Exactly the lines from the one containing "the elements of" through the end of the entries, both ends included, are to be output.
-- DATASET EXCERPTS follows --
(* Let $\kappa$ be a regular uncountable cardinal and suppose that $\rho_2$ is obtained by walking along a $\square^*_{<}(\kappa)$-sequence. Then $T(\rho_2)$ is a special $\kappa$-Aronszajn tree.
   Context: A $C$-sequence over $\kappa$ is $\vec C=\langle C_\delta\mid\delta<\kappa\rangle$, each $C_\delta$ closed in $\delta$ with $\sup(C_\delta)=\sup(\delta)$. It is a $\square^*_{<}(\kappa)$-sequence if it is weakly coherent ($|\{C_\delta\cap\epsilon\mid\delta<\kappa\}|<\kappa$ for every $\epsilon<\kappa$) and the set $R(\vec C)=\{\delta<\kappa\mid\delta\text{ a nonzero limit ordinal},\ \forall\alpha\in(\delta,\kappa)\,[\mathrm{otp}(C_\alpha\cap\delta)<\delta]\}$ contains a club. Walks: $\mathrm{Tr}(\beta,\gamma)(0)=\gamma$, $\mathrm{Tr}(\beta,\gamma)(n)=\min(C_{\mathrm{Tr}(\beta,\gamma)(n-1)}\setminus\beta)$ if $\mathrm{Tr}(\beta,\gamma)(n-1)>\beta$, else $\beta$; $\rho_2(\beta,\gamma)$ least $l$ with $\mathrm{Tr}(\beta,\gamma)(l)=\beta$; $T(\rho_2)=\{\rho_{2\delta}\restriction\gamma\mid\gamma\le\delta<\kappa\}$ under $\subseteq$, $\rho_{2\delta}(\xi)=\rho_2(\xi,\delta)$. A $\kappa$-tree has height $\kappa$ and levels of size $<\kappa$; $\kappa$-Aronszajn: no chain of size $\kappa$; special: there is $f:T\to T$ with $f(x)<_Tx$ for non-minimal $x$ and each $f^{-1}\{z\}$ covered by fewer than $\kappa$ antichains. *)

theory Defs
  imports Main "HOL-Library.Countable_Set"
begin

text \<open>The regular cardinal kappa is represented by a well-ordered type 'a:
  the elements of 'a are the ordinals below kappa, ordered by <.\<close>

definition kappa_rel :: "('a::wellorder) rel" where
  "kappa_rel = {(x, y). x \<le> y}"

definition regular_uncountable_cardinal_type :: "('a::wellorder) itself \<Rightarrow> bool" where
  "regular_uncountable_cardinal_type _ \<longleftrightarrow>
     card_order (kappa_rel :: 'a rel) \<and> regularCard (kappa_rel :: 'a rel)
     \<and> \<not> countable (UNIV :: 'a set)"

definition lim_ord :: "'a::wellorder \<Rightarrow> bool" where
  "lim_ord \<delta> \<longleftrightarrow> (\<exists>\<gamma>. \<gamma> < \<delta>) \<and> (\<forall>\<gamma><\<delta>. \<exists>\<eta>. \<gamma> < \<eta> \<and> \<eta> < \<delta>)"

definition osup :: "'a::wellorder set \<Rightarrow> 'a" where
  "osup X = (LEAST \<alpha>. \<forall>x\<in>X. x \<le> \<alpha>)"

definition ord_iso_on :: "'t set \<Rightarrow> ('t \<Rightarrow> 't \<Rightarrow> bool) \<Rightarrow> ('b::order) set \<Rightarrow> bool" where
  "ord_iso_on A lt B \<longleftrightarrow> (\<exists>f. bij_betw f A B \<and> (\<forall>x\<in>A. \<forall>y\<in>A. lt x y \<longleftrightarrow> f x < f y))"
-- DATASET EXCERPTS concluded --
WRITTEN ANSWER
  the elements of 'a are the ordinals below kappa, ordered by <.\<close>

definition kappa_rel :: "('a::wellorder) rel" where
  "kappa_rel = {(x, y). x \<le> y}"

definition regular_uncountable_cardinal_type :: "('a::wellorder) itself \<Rightarrow> bool" where
  "regular_uncountable_cardinal_type _ \<longleftrightarrow>
     card_order (kappa_rel :: 'a rel) \<and> regularCard (kappa_rel :: 'a rel)
     \<and> \<not> countable (UNIV :: 'a set)"

definition lim_ord :: "'a::wellorder \<Rightarrow> bool" where
  "lim_ord \<delta> \<longleftrightarrow> (\<exists>\<gamma>. \<gamma> < \<delta>) \<and> (\<forall>\<gamma><\<delta>. \<exists>\<eta>. \<gamma> < \<eta> \<and> \<eta> < \<delta>)"

definition osup :: "'a::wellorder set \<Rightarrow> 'a" where
  "osup X = (LEAST \<alpha>. \<forall>x\<in>X. x \<le> \<alpha>)"

definition ord_iso_on :: "'t set \<Rightarrow> ('t \<Rightarrow> 't \<Rightarrow> bool) \<Rightarrow> ('b::order) set \<Rightarrow> bool" where
  "ord_iso_on A lt B \<longleftrightarrow> (\<exists>f. bij_betw f A B \<and> (\<forall>x\<in>A. \<forall>y\<in>A. lt x y \<longleftrightarrow> f x < f y))"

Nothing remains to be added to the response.